Acquisition Turmoil: Ted Sarandos Exposes Misinformation in $83 Billion Netflix-Warner Deal

Los Angeles — Ted Sarandos expressed significant frustration regarding a recent complication in Netflix’s efforts to finalize its $83 billion acquisition of Warner Bros. Discovery and HBO Max. The deal, originally agreed upon in December, faces challenges after Paramount Skydance reportedly sparked concerns among shareholders that prompted Warner Bros. Discovery to seek a seven-day waiver from Netflix to pursue discussions with the rival group.

In an interview with CNBC, Sarandos accused Paramount Skydance of disseminating damaging misinformation aimed at muddying the waters of the Netflix transaction. He noted that Netflix had agreed to the waiver, hoping to clear uncertainties and facilitate an upcoming shareholder vote scheduled for March 20.

Sarandos criticized the narrative pushed by Paramount Skydance, claiming it created a range of unrealistic scenarios. “The most likely outcome is there’s no adjustment at all,” he said, emphasizing Warner Bros.
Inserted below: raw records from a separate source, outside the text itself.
lemma sum_add_sum_le_sum_best_k_sum:
  fixes a b :: "'a \<Rightarrow> real"
  assumes "finite A" and "T \<subseteq> A" and "card T = k"
    and "\<And>t u. t \<in> T \<Longrightarrow> u \<in> A - T \<Longrightarrow> b u \<le> b t"
    and "finite I" and "\<And>r. r \<in> I \<Longrightarrow> bij_betw (\<sigma> r) A A"
    and "disjoint_family_on (\<lambda>r. \<sigma> r ` T) I"
    and "X \<subseteq> A" and "Y \<subseteq> A" and "card X + card Y \<le> k"
    and "\<And>i. i \<in> A \<Longrightarrow> 0 \<le> a i" and "\<And>i. i \<in> A \<Longrightarrow> 0 \<le> b i"
  shows "(real (card I) - 1) * (sum a X + sum b Y)
    \<le> (\<Sum>r\<in>I. best_k_sum k A (\<lambda>i. if i \<in> T then b i else a (\<sigma> r i)))"
proof -
  obtain Y' where Y': "Y' \<subseteq> T" "card Y' = card Y" "sum b Y \<le> sum b Y'"
    using sum_le_sum_subset_of_top[of A T b Y] assms(1-4,9,10) by auto
  have "(real (card I) - 1) * sum b Y \<le> real (card I) * sum b Y"
    using assms(9,12) by (simp add: algebra_simps subset_iff sum_nonneg)
  also have "\<dots> \<le> real (card I) * sum b Y'"
    using Y'(3) by (rule mult_left_mono) simp
  finally have "(real (card I) - 1) * sum b Y \<le> real (card I) * sum b Y'" .
  moreover have "(real (card I) - 1) * sum a X \<le> (\<Sum>r\<in>I. sum a (X - \<sigma> r ` T))"
    using assms(1,5,7,8,11) finite_subset by (intro sum_sum_Diff_disjoint_family_ge) auto
  ultimately have "(real (card I) - 1) * (sum a X + sum b Y)
      \<le> (\<Sum>r\<in>I. sum a (X - \<sigma> r ` T) + sum b Y')"
    by (simp add: sum.distrib algebra_simps)
  also have "\<dots> \<le> (\<Sum>r\<in>I. best_k_sum k A (\<lambda>i. if i \<in> T then b i else a (\<sigma> r i)))"
  proof (rule sum_mono)
    fix r assume r: "r \<in> I"
    show "sum a (X - \<sigma> r ` T) + sum b Y' \<le> best_k_sum k A (\<lambda>i. if i \<in> T then b i else a (\<sigma> r i))"
      using sum_Diff_add_sum_le_best_k_sum[OF assms(1) assms(6)[OF r] assms(2) assms(8) Y'(1)]
        Y'(2) assms(10) by simp
  qed
  finally show ?thesis .
qed

lemma exists_permutations_with_disjoint_images:
  assumes "T \<subseteq> {..<n}" and "m * card T \<le> n"
  obtains \<sigma> where "\<And>r. r < m \<Longrightarrow> bij_betw (\<sigma> r) {..<n} {..<n}"
    and "disjoint_family_on (\<lambda>r. \<sigma> r ` T) {..<m}"
proof -
  obtain R where R: "disjoint_family_on R {..<m}"
    "\<And>r. r < m \<Longrightarrow> R r \<subseteq> {..<n}" "\<And>r. r < m \<Longrightarrow> card (R r) = card T"
    using exists_disjoint_subsets_of_card[OF assms(2)] by metis
  have "\<forall>r\<in>{..<m}. \<exists>\<sigma>. bij_betw \<sigma> {..<n} {..<n} \<and> \<sigma> ` T = R r"
    using exists_bij_betw_image_eq[of "{..<n}" T] assms(1) R(2,3) by (metis finite_lessThan lessThan_iff)
  then obtain \<sigma> where "\<forall>r\<in>{..<m}. bij_betw (\<sigma> r) {..<n} {..<n} \<and> \<sigma> r ` T = R r"
    by (rule bchoice[elim_format]) blast
  then show ?thesis
    using that R(1) unfolding disjoint_family_on_def by (metis lessThan_iff)
qed

lemma nn_integral_le_of_average_measure_preserving:
  fixes f g :: "'a \<Rightarrow> real"
  assumes "finite I" and "I \<noteq> {}"
    and "\<And>r. r \<in> I \<Longrightarrow> \<tau> r \<in> M \<rightarrow>\<^sub>M M" and "\<And>r. r \<in> I \<Longrightarrow> distr M M (\<tau> r) = M"
    and "g \<in> borel_measurable M" and "\<And>x. 0 \<le> g x" and "0 < c"
    and "AE x in M. c * f x \<le> (\<Sum>r\<in>I. g (\<tau> r x)) / real (card I)"
  shows "ennreal c * (\<integral>\<^sup>+x. ennreal (f x) \<partial>M) \<le> (\<integral>\<^sup>+x. ennreal (g x) \<partial>M)"
proof -
  have invariant: "(\<integral>\<^sup>+x. ennreal (g (\<tau> r x)) \<partial>M) = (\<integral>\<^sup>+x. ennreal (g x) \<partial>M)" if "r \<in> I" for r
    using nn_integral_distr[OF assms(3)[OF that], of "\<lambda>x. ennreal (g x)"] assms(4,5) that by simp
  have "AE x in M. ennreal (f x)
      \<le> ennreal (1 / c) * ((\<Sum>r\<in>I. ennreal (g (\<tau> r x))) / of_nat (card I))"
  proof (rule eventually_mono[OF assms(8)])
    fix x assume "c * f x \<le> (\<Sum>r\<in>I. g (\<tau> r x)) / real (card I)"
    from mult_left_mono[OF this, of "1 / c"]
    have "ennreal (f x) \<le> ennreal (1 / c * ((\<Sum>r\<in>I. g (\<tau> r x)) / real (card I)))"
      using assms(7) by (intro ennreal_leI) simp
    also have "\<dots> = ennreal (1 / c) * (ennreal (\<Sum>r\<in>I. g (\<tau> r x)) / ennreal (real (card I)))"
      using assms(1,2,6,7) by (simp add: divide_ennreal sum_nonneg card_gt_0_iff flip: ennreal_mult)
    also have "\<dots> = ennreal (1 / c) * ((\<Sum>r\<in>I. ennreal (g (\<tau> r x))) / of_nat (card I))"
      using assms(6) by (simp add: sum_ennreal ennreal_of_nat_eq_real_of_nat)
    finally show "ennreal (f x) \<le> ennreal (1 / c) * ((\<Sum>r\<in>I. ennreal (g (\<tau> r x))) / of_nat (card I))" .
  qed
  then have "(\<integral>\<^sup>+x. ennreal (f x) \<partial>M)
      \<le> (\<integral>\<^sup>+x. ennreal (1 / c) * ((\<Sum>r\<in>I. ennreal (g (\<tau> r x))) / of_nat (card I)) \<partial>M)"
    by (rule nn_integral_mono_AE)
  also have "\<dots> = ennreal (1 / c) * ((\<Sum>r\<in>I. \<integral>\<^sup>+x. ennreal (g (\<tau> r x)) \<partial>M) / of_nat (card I))"
    using assms(3,5) by (simp add: nn_integral_cmult nn_integral_divide nn_integral_sum)
  also have "\<dots> = ennreal (1 / c) * ((\<integral>\<^sup>+x. ennreal (g x) \<partial>M) * of_nat (card I) / of_nat (card I))"
    by (simp add: invariant mult.commute[of "of_nat (card I)"])
  also have "\<dots> = ennreal (1 / c) * (\<integral>\<^sup>+x. ennreal (g x) \<partial>M)"
    using assms(1,2) by (simp add: mult_divide_eq_ennreal)
  finally have "ennreal c * (\<integral>\<^sup>+x. ennreal (f x) \<partial>M)
      \<le> (ennreal c * ennreal (1 / c)) * (\<integral>\<^sup>+x. ennreal (g x) \<partial>M)"
    by (simp add: mult_left_mono mult.assoc)
  also have "ennreal c * ennreal (1 / c) = 1"
    using assms(7) by (simp flip: ennreal_mult)
  finally show ?thesis
    by simp
qed

lemma
  assumes "prob_space D" and "bij_betw \<sigma> {..<n} {..<n}"
  shows measurable_prof_dist_permute:
      "(\<lambda>a. \<lambda>j\<in>{..<n}. a (\<sigma> j)) \<in> prof_dist D n \<rightarrow>\<^sub>M prof_dist D n"
    and distr_prof_dist_permute:
      "distr (prof_dist D n) (prof_dist D n) (\<lambda>a. \<lambda>j\<in>{..<n}. a (\<sigma> j)) = prof_dist D n"
proof -
  have "\<sigma> \<in> {..<n} \<rightarrow> {..<n}"
    using assms(2) by (rule bij_betw_imp_funcset)
  then show "(\<lambda>a. \<lambda>j\<in>{..<n}. a (\<sigma> j)) \<in> prof_dist D n \<rightarrow>\<^sub>M prof_dist D n"
    unfolding prof_dist_def by (intro measurable_restrict measurable_component_singleton) auto
  show "distr (prof_dist D n) (prof_dist D n) (\<lambda>a. \<lambda>j\<in>{..<n}. a (\<sigma> j)) = prof_dist D n"
    using distr_PiM_reindex[of "{..<n}" "\<lambda>_. D" \<sigma> "{..<n}"] assms \<open>\<sigma> \<in> {..<n} \<rightarrow> {..<n}\<close>
    unfolding prof_dist_def by (simp add: bij_betw_imp_inj_on)
qed

lemma AE_prof_dist_nonneg:
  assumes "prob_space D" and "AE v in D. 0 \<le> v"
  shows "AE a in prof_dist D n. \<forall>i<n. 0 \<le> a i"
proof -
  interpret product_prob_space "\<lambda>_. D" "{..<n}"
    using assms(1) by (simp add: product_prob_space_def product_prob_space_axioms_def
        product_sigma_finite_def prob_space_imp_sigma_finite)
  have "AE a in prof_dist D n. \<forall>i\<in>{..<n}. 0 \<le> a i"
    unfolding prof_dist_def using assms(2) by (intro AE_finite_allI AE_component) auto
  then show ?thesis
    by (rule eventually_mono) simp
qed

lemma nn_integral_best_k_sum_le_fix_obj:
  assumes "prob_space D" and "AE v in D. 0 \<le> v" and "\<forall>i<n. 0 \<le> ov i"
  shows "(\<integral>\<^sup>+a. ennreal (best_k_sum k {..<n} (\<lambda>i. if i \<in> I then ov i else a i)) \<partial>prof_dist D n)
    \<le> fix_obj D n k ov I"
  unfolding fix_obj_def
proof (intro nn_integral_mono_AE, rule eventually_mono[OF AE_prof_dist_nonneg[OF assms(1,2)]])
  fix a :: "nat \<Rightarrow> real"
  assume "\<forall>i<n. 0 \<le> a i"
  then show "ennreal (best_k_sum k {..<n} (\<lambda>i. if i \<in> I then ov i else a i))
    \<le> ennreal (max_k k (image_mset (\<lambda>i. if i \<in> I then ov i else a i) (mset_set {..<n})))"
    using assms(3) by (intro ennreal_leI best_k_sum_le_max_k) auto
qed

lemma fix_obj_le_gfix_obj:
  assumes "I \<subseteq> {..<n}" and "card I \<le> k"
  shows "fix_obj D n k ov I \<le> gfix_obj D n k ov"
proof -
  have "{fix_obj D n k ov I | I. I \<subseteq> {..<n} \<and> card I \<le> k} \<subseteq> fix_obj D n k ov ` Pow {..<n}"
    by blast
  then show ?thesis
    unfolding gfix_obj_def using assms by (intro Max_ge) (auto intro: finite_surj)
qed

lemma feasible_mech_card_le:
  assumes "feasible_mech n k x y" and "a \<in> PiE {..<n} (\<lambda>_. UNIV)"
  shows "card {i\<in>{..<n}. x a i} + card {i\<in>{..<n}. y a i} \<le> k"
proof -
  have "(\<Sum>i<n. of_bool (x a i) + of_bool (y a i)) \<le> k"
    using assms unfolding feasible_mech_def by blast
  then show ?thesis
    by (simp add: sum.distrib Int_def)
qed

lemma borel_measurable_prof_dist_component:
  assumes "sets D = sets borel" and "i < n"
  shows "(\<lambda>a. a i) \<in> borel_measurable (prof_dist D n)"
proof -
  have "(\<lambda>a. a i) \<in> prof_dist D n \<rightarrow>\<^sub>M D"
    unfolding prof_dist_def using assms(2) by (intro measurable_component_singleton) auto
  then show ?thesis
    using measurable_cong_sets[OF refl assms(1)] by blast
qed

lemma exists_block_count:
  assumes "0 < \<epsilon>" and "(real k)^2 / \<epsilon> + real k \<le> real n"
  obtains m where "0 < m" and "m * k \<le> n" and "1 \<le> \<epsilon> * real m"
proof -
  obtain m where "m * k \<le> n" and "1 \<le> \<epsilon> * real m"
  proof (cases "k = 0")
    case True
    have "1 = \<epsilon> * (1 / \<epsilon>)"
      using assms(1) by simp
    also have "\<dots> \<le> \<epsilon> * real (nat \<lceil>1 / \<epsilon>\<rceil>)"
      using assms(1) by (intro mult_left_mono) linarith+
    finally show ?thesis
      using that True by simp
  next
    case False
    have "n < k + k * (n div k)"
      using False by (simp add: dividend_less_times_div)
    then have "(real k)^2 / \<epsilon> < real k * real (n div k)"
      using assms(2) by (simp flip: of_nat_add of_nat_mult)
    then have "real k * real k < real k * (\<epsilon> * real (n div k))"
      using assms(1) by (simp add: power2_eq_square divide_less_eq algebra_simps)
    then have "1 \<le> \<epsilon> * real (n div k)"
      using False by (simp add: mult_less_cancel_left_pos)
    moreover have "n div k * k \<le> n"
      by (rule div_times_less_eq_dividend)
    ultimately show ?thesis
      using that by blast
  qed
  moreover from this have "0 < m"
    by (cases "m = 0") simp_all
  ultimately show ?thesis
    using that by blast
qed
Discovery’s commitment to maximizing shareholder value. According to him, the deal with Netflix remains more favorable for Warner Bros. Discovery’s stakeholders.

While Sarandos indicated confidence that Netflix will successfully conclude the acquisition, he dismissed concerns regarding regulatory hurdles. He directly took aim at claims made by Paramount Skydance CEO David Ellison, who suggested that his firm would face fewer obstacles with regulators compared to Netflix, given its significant position in the entertainment landscape.

On this point, Sarandos stated, “Paramount Skydance does not have a faster regulatory path,” insisting their assertions lack merit. He argued that Netflix has established itself as a trusted entity in various international markets, which may actually facilitate the deal’s passage rather than hinder it.

The decision to grant a waiver to Warner Bros. Discovery aimed to provide shareholders with clarity and certainty about the value of the proposed transactions. “We want to ensure that shareholders receive exactly what they deserve,” Sarandos explained, underscoring his belief that the Netflix deal presents the best option for Warner Bros. Discovery.

He refrained from detailing any specific figures about speculation that Paramount might raise its offer, which currently stands at $30 per share. Instead, he reiterated that the priority is for shareholders to assess their positions clearly within the seven-day window before the crucial vote.

Sarandos remains optimistic about the outcome, expressing confidence that both the Warner Bros. Discovery board and shareholders will ultimately recognize that the Netflix acquisition represents the best available opportunity.